## Your task
Restate exactly, please, each line of the listing from the one with "by (simp add: norm_eq_sqrt_inner)" to the last, including both.

********

(* Let $q_1,\dots,q_8$ be the eight points $(\pm1,\pm1,\pm1)$ of $\mathbb{R}^3$, let $t\in(0,1)$ and $q_{j+8}=tq_j$ ($j=1,\dots,8$), so that these are the vertices of two nested cubes with ratio of edges $t$. Place mass $\mu_1$ at each of $q_1,\dots,q_8$ and mass $\mu_2\neq0$ at each of $q_9,\dots,q_{16}$. Then the configuration is a central configuration if and only if $$\frac{\mu_1}{\mu_2}=-\frac{24c(t)-\frac{\sqrt3t+\sqrt3}{3(t+1)^3}-\frac{3(t+3)}{(3t^2+2t+3)^{3/2}}+\frac{3(t-3)}{(3t^2-2t+3)^{3/2}}-\frac{\sqrt3t-\sqrt3}{3(t-1)^3}}{24c(t)-\frac{\sqrt3}{12}-\frac{3\sqrt2}{8}-\frac34},$$ where $c(t)=-\gamma_0(t)/\gamma_1(t)$ with $$\gamma_1(t)=-\left((2\sqrt3+9\sqrt2+18)t-\frac{72(t^2+6t+1)}{(3t^2+2t+3)^{3/2}}+\frac{72(t^2-6t+1)}{(3t^2-2t+3)^{3/2}}-\frac{8\sqrt3}{t+1}-\frac{8\sqrt3}{t-1}+\frac{2\sqrt3+9\sqrt2+18}{t^2}\right),$$ $$\begin{aligned}\gamma_0(t)=&-\frac{9(3t+1)(t+3)}{(3t^2+2t+3)^3}+\frac{9(3t-1)(t-3)}{(3t^2-2t+3)^3}+\frac{6\sqrt3\sqrt2+12\sqrt3+54\sqrt2+83}{96t^2}\\&-\frac{4\sqrt3}{(3t^2+2t+3)^{3/2}(t+1)}-\frac{2\sqrt3}{(3t^2-2t+3)^{3/2}(t+1)}-\frac{2\sqrt3}{(3t^2+2t+3)^{3/2}(t-1)}-\frac{4\sqrt3}{(3t^2-2t+3)^{3/2}(t-1)}\\&-\frac{144t}{(3t^2+2t+3)^{3/2}(3t^2-2t+3)^{3/2}}-\frac{1}{3(t+1)^4}+\frac{1}{3(t-1)^4}.\end{aligned}$$
   Context: A configuration $q=(q_1,\dots,q_N)$ of distinct points in $\mathbb{R}^3$ with masses $m_1,\dots,m_N$ is a central configuration if there exists $c\in\mathbb{R}$ such that $\sum_{j\neq i} m_j\left(\frac{1}{|q_j-q_i|^3}-c\right)(q_j-q_i)=0$ for all $i=1,\dots,N$. *)

theory Defs
  imports "HOL-Analysis.Analysis"
begin

definition central_configuration :: "nat \<Rightarrow> (nat \<Rightarrow> real^3) \<Rightarrow> (nat \<Rightarrow> real) \<Rightarrow> bool" where
  "central_configuration N q m \<longleftrightarrow>
     (\<forall>i<N. \<forall>j<N. i \<noteq> j \<longrightarrow> q i \<noteq> q j) \<and>
     (\<exists>c::real. \<forall>i<N.
        (\<Sum>j\<in>{j. j < N \<and> j \<noteq> i}. (m j * (1 / norm (q j - q i) ^ 3 - c)) *\<^sub>R (q j - q i)) = 0)"

definition cube_vertex :: "nat \<Rightarrow> real^3" where
  "cube_vertex k = vector [(-1) ^ (k mod 2), (-1) ^ ((k div 2) mod 2), (-1) ^ ((k div 4) mod 2)]"

text \<open>Two nested cubes: indices 0..7 are q_1..q_8, indices 8..15 are q_9..q_16 = t q_1..t q_8.\<close>
definition nested_cubes :: "real \<Rightarrow> nat \<Rightarrow> real^3" where
  "nested_cubes t j = (if j < 8 then cube_vertex j else t *\<^sub>R cube_vertex (j - 8))"

definition nested_masses :: "real \<Rightarrow> real \<Rightarrow> nat \<Rightarrow> real" where
  "nested_masses \<mu>1 \<mu>2 j = (if j < 8 then \<mu>1 else \<mu>2)"

definition gamma1 :: "real \<Rightarrow> real" where
  "gamma1 t = - ((2 * sqrt 3 + 9 * sqrt 2 + 18) * t
      - 72 * (t^2 + 6*t + 1) / (3*t^2 + 2*t + 3) powr (3/2)
      + 72 * (t^2 - 6*t + 1) / (3*t^2 - 2*t + 3) powr (3/2)
      - 8 * sqrt 3 / (t + 1) - 8 * sqrt 3 / (t - 1)
      + (2 * sqrt 3 + 9 * sqrt 2 + 18) / t^2)"

definition gamma0 :: "real \<Rightarrow> real" where
  "gamma0 t =
      - 9 * (3*t + 1) * (t + 3) / (3*t^2 + 2*t + 3) ^ 3
      + 9 * (3*t - 1) * (t - 3) / (3*t^2 - 2*t + 3) ^ 3
      + (6 * sqrt 3 * sqrt 2 + 12 * sqrt 3 + 54 * sqrt 2 + 83) / (96 * t^2)
      - 4 * sqrt 3 / ((3*t^2 + 2*t + 3) powr (3/2) * (t + 1))
      - 2 * sqrt 3 / ((3*t^2 - 2*t + 3) powr (3/2) * (t + 1))
      - 2 * sqrt 3 / ((3*t^2 + 2*t + 3) powr (3/2) * (t - 1))
      - 4 * sqrt 3 / ((3*t^2 - 2*t + 3) powr (3/2) * (t - 1))
      - 144 * t / ((3*t^2 + 2*t + 3) powr (3/2) * (3*t^2 - 2*t + 3) powr (3/2))
      - 1 / (3 * (t + 1) ^ 4) + 1 / (3 * (t - 1) ^ 4)"

definition cc :: "real \<Rightarrow> real" where
  "cc t = - gamma0 t / gamma1 t"

definition mass_ratio :: "real \<Rightarrow> real" where
  "mass_ratio t = - (24 * cc t
        - (sqrt 3 * t + sqrt 3) / (3 * (t + 1) ^ 3)
        - 3 * (t + 3) / (3*t^2 + 2*t + 3) powr (3/2)
        + 3 * (t - 3) / (3*t^2 - 2*t + 3) powr (3/2)
        - (sqrt 3 * t - sqrt 3) / (3 * (t - 1) ^ 3))
      / (24 * cc t - sqrt 3 / 12 - 3 * sqrt 2 / 8 - 3 / 4)"

end

theory Submission
  imports Defs
begin

text \<open>
  The coordinate sign changes, indexed by the cube vertices and acting on the vertex indices by
  XOR, permute each cube and preserve the masses, and the residuals of the central configuration
  equations transform with them. Hence the configuration is central iff the residuals at
  \<open>q\<^sub>1 = (1,1,1)\<close> and at \<open>q\<^sub>9 = t q\<^sub>1\<close> vanish for a common \<open>c\<close>; by the same symmetry
  both are multiples of \<open>(1,1,1)\<close>, leaving two scalar equations that are linear in \<open>c\<close>.
  Eliminating \<open>c\<close> gives a linear relation \<open>\<mu>\<^sub>1 a(t) + \<mu>\<^sub>2 b(t) = 0\<close> between the masses.
  In terms of the forces \<open>F\<^sub>o\<^sub>u\<^sub>t, F\<^sub>i\<^sub>n\<close> between the cubes and the self force \<open>K\<close> of a cube,
  the paper's \<open>\<gamma>\<^sub>1\<close> and \<open>\<gamma>\<^sub>0\<close> are \<open>72 (a - b)\<close> and \<open>9 (K\<^sup>2/t\<^sup>2 - F\<^sub>i\<^sub>n F\<^sub>o\<^sub>u\<^sub>t)\<close>, so its formula
  for \<open>\<mu>\<^sub>1/\<mu>\<^sub>2\<close> is \<open>-b/a\<close>. It remains to show \<open>a < 0\<close>, \<open>a < b\<close> and \<open>F\<^sub>o\<^sub>u\<^sub>t + K < 0\<close> on
  \<open>(0,1)\<close>, by elementary estimates of the distances between the vertices (for \<open>a < b\<close> on six
  subintervals).
\<close>

unbundle bit_operations_syntax

section \<open>Residuals of the central configuration equations\<close>

definition central_residual ::
    "nat \<Rightarrow> (nat \<Rightarrow> 'a::real_normed_vector) \<Rightarrow> (nat \<Rightarrow> real) \<Rightarrow> real \<Rightarrow> nat \<Rightarrow> 'a" where
  "central_residual N q m c i =
     (\<Sum>j\<in>{j. j < N \<and> j \<noteq> i}. (m j * (1 / norm (q j - q i) ^ 3 - c)) *\<^sub>R (q j - q i))"

lemma central_configuration_iff_residual:
  "central_configuration N q m \<longleftrightarrow>
     inj_on q {..<N} \<and> (\<exists>c. \<forall>i<N. central_residual N q m c i = 0)"
  by (auto simp: central_configuration_def central_residual_def inj_on_def)

lemma central_residual_equivariant:
  fixes f :: "'a::real_normed_vector \<Rightarrow> 'a"
  assumes \<sigma>: "bij_betw \<sigma> {..<N} {..<N}" and f: "linear f" "\<And>x. norm (f x) = norm x"
    and q: "\<And>j. j < N \<Longrightarrow> q (\<sigma> j) = f (q j)" and m: "\<And>j. j < N \<Longrightarrow> m (\<sigma> j) = m j"
    and i: "i < N"
  shows "central_residual N q m c (\<sigma> i) = f (central_residual N q m c i)"
proof -
  let ?term = "\<lambda>i j. (m j * (1 / norm (q j - q i) ^ 3 - c)) *\<^sub>R (q j - q i)"
  have others: "{j. j < N \<and> j \<noteq> k} = {..<N} - {k}" for k
    by auto
  have "bij_betw \<sigma> ({..<N} - {i}) ({..<N} - {\<sigma> i})"
    using \<sigma> i by (intro bij_betw_DiffI) (auto simp: bij_betw_def)
  then have "central_residual N q m c (\<sigma> i) = (\<Sum>j\<in>{..<N} - {i}. ?term (\<sigma> i) (\<sigma> j))"
    unfolding central_residual_def others by (rule sum.reindex_bij_betw[symmetric])
  also have "\<dots> = (\<Sum>j\<in>{..<N} - {i}. f (?term i j))"
  proof (rule sum.cong)
    fix j assume "j \<in> {..<N} - {i}"
    then have "q (\<sigma> j) - q (\<sigma> i) = f (q j - q i)" "m (\<sigma> j) = m j"
      using i q m linear_diff[OF f(1)] by simp_all
    then show "?term (\<sigma> i) (\<sigma> j) = f (?term i j)"
      using f by (simp add: linear_scale)
  qed simp
  also have "\<dots> = f (central_residual N q m c i)"
    unfolding central_residual_def others by (rule linear_sum[OF f(1), symmetric])
  finally show ?thesis .
qed

section \<open>Symmetries of the nested cubes\<close>

definition sign_flip :: "nat \<Rightarrow> real^3 \<Rightarrow> real^3" where
  "sign_flip k x = (\<chi> m. cube_vertex k $ m * x $ m)"

lemma linear_sign_flip: "linear (sign_flip k)"
  by (rule linearI) (simp_all add: sign_flip_def vec_eq_iff algebra_simps)

lemma norm_sign_flip: "norm (sign_flip k x) = norm x"
proof -
  have "(cube_vertex k $ m)\<^sup>2 = 1" for m
    using exhaust_3[of m]
    by (auto simp: cube_vertex_def power2_eq_square power_mult_distrib[symmetric])
  then have "sign_flip k x \<bullet> sign_flip k x = x \<bullet> x"
    by (simp add: sign_flip_def inner_vec_def power2_eq_square algebra_simps)
  then show ?thesis
    by (simp add: norm_eq_sqrt_inner)
qed

lemma less_8_cases: "(k::nat) < 8 \<Longrightarrow> k = 0 \<or> k = 1 \<or> k = 2 \<or> k = 3 \<or> k = 4 \<or> k = 5 \<or> k = 6 \<or> k = 7"
  by auto

lemma cube_vertex_xor:
  assumes "j < 8" "k < 8"
  shows "cube_vertex (j XOR k) = sign_flip k (cube_vertex j)"
  using less_8_cases[OF assms(1)] less_8_cases[OF assms(2)]
  by (elim disjE) (simp_all add: sign_flip_def cube_vertex_def vec_eq_iff forall_3)

lemma nested_index_xor:
  fixes j k :: nat
  assumes "j < 16" "k < 8"
  shows "j XOR k < 16" "j XOR k < 8 \<longleftrightarrow> j < 8" "8 \<le> j \<Longrightarrow> (j XOR k) - 8 = (j - 8) XOR k"
proof -
  have "j - 8 < 8 \<and> 8 \<le> j \<or> j < 8"
    using assms(1) by auto
  then have "j XOR k < 16 \<and> (j XOR k < 8 \<longleftrightarrow> j < 8) \<and> (8 \<le> j \<longrightarrow> (j XOR k) - 8 = (j - 8) XOR k)"
  proof
    assume "j - 8 < 8 \<and> 8 \<le> j"
    then obtain r where r: "j = r + 8" "r < 8"
      by (metis le_add_diff_inverse2)
    then show ?thesis
      using less_8_cases[OF r(2)] less_8_cases[OF assms(2)] by (elim disjE) simp_all
  next
    assume "j < 8"
    then show ?thesis
      using less_8_cases[OF \<open>j < 8\<close>] less_8_cases[OF assms(2)] by (elim disjE) simp_all
  qed
  then show "j XOR k < 16" "j XOR k < 8 \<longleftrightarrow> j < 8" "8 \<le> j \<Longrightarrow> (j XOR k) - 8 = (j - 8) XOR k"
    by auto
qed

********

## Your response
    by (simp add: norm_eq_sqrt_inner)
qed

lemma less_8_cases: "(k::nat) < 8 \<Longrightarrow> k = 0 \<or> k = 1 \<or> k = 2 \<or> k = 3 \<or> k = 4 \<or> k = 5 \<or> k = 6 \<or> k = 7"
  by auto

lemma cube_vertex_xor:
  assumes "j < 8" "k < 8"
  shows "cube_vertex (j XOR k) = sign_flip k (cube_vertex j)"
  using less_8_cases[OF assms(1)] less_8_cases[OF assms(2)]
  by (elim disjE) (simp_all add: sign_flip_def cube_vertex_def vec_eq_iff forall_3)

lemma nested_index_xor:
  fixes j k :: nat
  assumes "j < 16" "k < 8"
  shows "j XOR k < 16" "j XOR k < 8 \<longleftrightarrow> j < 8" "8 \<le> j \<Longrightarrow> (j XOR k) - 8 = (j - 8) XOR k"
proof -
  have "j - 8 < 8 \<and> 8 \<le> j \<or> j < 8"
    using assms(1) by auto
  then have "j XOR k < 16 \<and> (j XOR k < 8 \<longleftrightarrow> j < 8) \<and> (8 \<le> j \<longrightarrow> (j XOR k) - 8 = (j - 8) XOR k)"
  proof
    assume "j - 8 < 8 \<and> 8 \<le> j"
    then obtain r where r: "j = r + 8" "r < 8"
      by (metis le_add_diff_inverse2)
    then show ?thesis
      using less_8_cases[OF r(2)] less_8_cases[OF assms(2)] by (elim disjE) simp_all
  next
    assume "j < 8"
    then show ?thesis
      using less_8_cases[OF \<open>j < 8\<close>] less_8_cases[OF assms(2)] by (elim disjE) simp_all
  qed
  then show "j XOR k < 16" "j XOR k < 8 \<longleftrightarrow> j < 8" "8 \<le> j \<Longrightarrow> (j XOR k) - 8 = (j - 8) XOR k"
    by auto
qed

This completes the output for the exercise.